Cotton yarns are amongst the kindest to your skin, the softest and most beloved of hand knitting yarns. With its many pleasing properties, such as good absorbency and a cool handle, cotton is very suitable for knitting and crocheting in summer. Defined, fine cotton twists are stable and soft to work with. Once knitted or crocheted, you have an easy-care and long-lasting product.

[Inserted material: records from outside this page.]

lemma dw_edge_dw_blade:
  assumes "n \<ge> 2" "dw_edge m n a b" "a \<noteq> 1" "b \<noteq> 1"
  shows "dw_blade n b = dw_blade n a"
proof -
  obtain c q where q: "q < n" and ab: "a = blade_vertex n c q" "b = blade_vertex n c (Suc q mod n)"
    using assms(1,2) by (auto simp: dw_edge_iff)
  have "q \<noteq> 0" "Suc q mod n \<noteq> 0"
    using ab assms(3,4) by (metis blade_vertex_0)+
  then have "0 < q" "Suc q < n"
    using q by (auto simp: mod_Suc split: if_splits)
  with ab show ?thesis
    by (simp add: dw_blade_blade_vertex)
qed

lemma dw_walks_length: "w \<in> dw_walks m n L i j \<Longrightarrow> length w = Suc L"
  by (simp add: dw_walks_def)

lemma dw_walks_nth_0: "w \<in> dw_walks m n L i j \<Longrightarrow> w ! 0 = i"
  by (auto simp: dw_walks_def dw_walk_def hd_conv_nth)

lemma dw_walks_nth_last: "w \<in> dw_walks m n L i j \<Longrightarrow> w ! L = j"
  by (auto simp: dw_walks_def dw_walk_def last_conv_nth)

lemma dw_walks_nth_in_dw_verts:
  "w \<in> dw_walks m n L i j \<Longrightarrow> t \<le> L \<Longrightarrow> w ! t \<in> dw_verts m n"
  by (auto simp: dw_walks_def dw_walk_def)

lemma dw_walks_dw_edge:
  "w \<in> dw_walks m n L i j \<Longrightarrow> t < L \<Longrightarrow> dw_edge m n (w ! t) (w ! Suc t)"
  by (simp add: dw_walks_def dw_walk_def)

lemma dw_walks_dw_pos:
  assumes "w \<in> dw_walks m n L i j" "n \<ge> 2" "t \<le> L"
  shows "dw_pos n (w ! t) = (dw_pos n i + t) mod n"
  using assms(3)
proof (induction t)
  case 0
  then show ?case
    using assms(1,2) by (simp add: dw_walks_nth_0 dw_pos_lt)
next
  case (Suc t)
  then have "dw_pos n (w ! Suc t) = Suc (dw_pos n (w ! t)) mod n"
    using dw_edge_dw_pos[OF assms(2) dw_walks_dw_edge[OF assms(1)]] by simp
  with Suc show ?case
    by (simp add: mod_Suc_eq)
qed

Behind the use of cotton yarn stands thousands of years of complex and resource intensive production:
Yarns were produced from cotton as early as 5800 BC. For more than 3000 years, cotton has been cultivated and processed in India. In Europe, the beneficial qualities of the plant were first discovered in the Middle Ages. Cotton textiles were a luxury then, and they took more time to produce than silk textiles. With industrialisation, the production of material from cotton became more affordable in Europe.
But what makes cotton so unique ?
What we call cotton is the seed hairs of the mallow plant Gossypium. The seeds develop long, fine hairs all over their surface, the lint. These fibres, which grow in the seed capsule or boll, are used as a raw material to produce paper, building materials, cotton wool and, of course, yarns and textiles. The cotton fibre is made up of 95 % cellulose, this is the highest cellulose content of all plant fibres and makes cotton particularly hypoallergenic and kind to skin. The absorbency of cotton varies between 10 % and 20 %, according to humidity. Cotton fluffs up well and is extremely absorbent, with a very good breaking strength. The fibre is covered in a waxy layer, so will remain water repellent if left untreated.
Under the microscope, a cross-section shows cavities in the fibre and their slightly flat form. A cotton fibre is 10 to 60 mm long. The length and fineness of the fibre is crucial in determining the quality and processing. The finer the fibre, the higher the quality. While the longer fibres are made into yarns, the shorter ones are used to make cotton wool for the cosmetics industry.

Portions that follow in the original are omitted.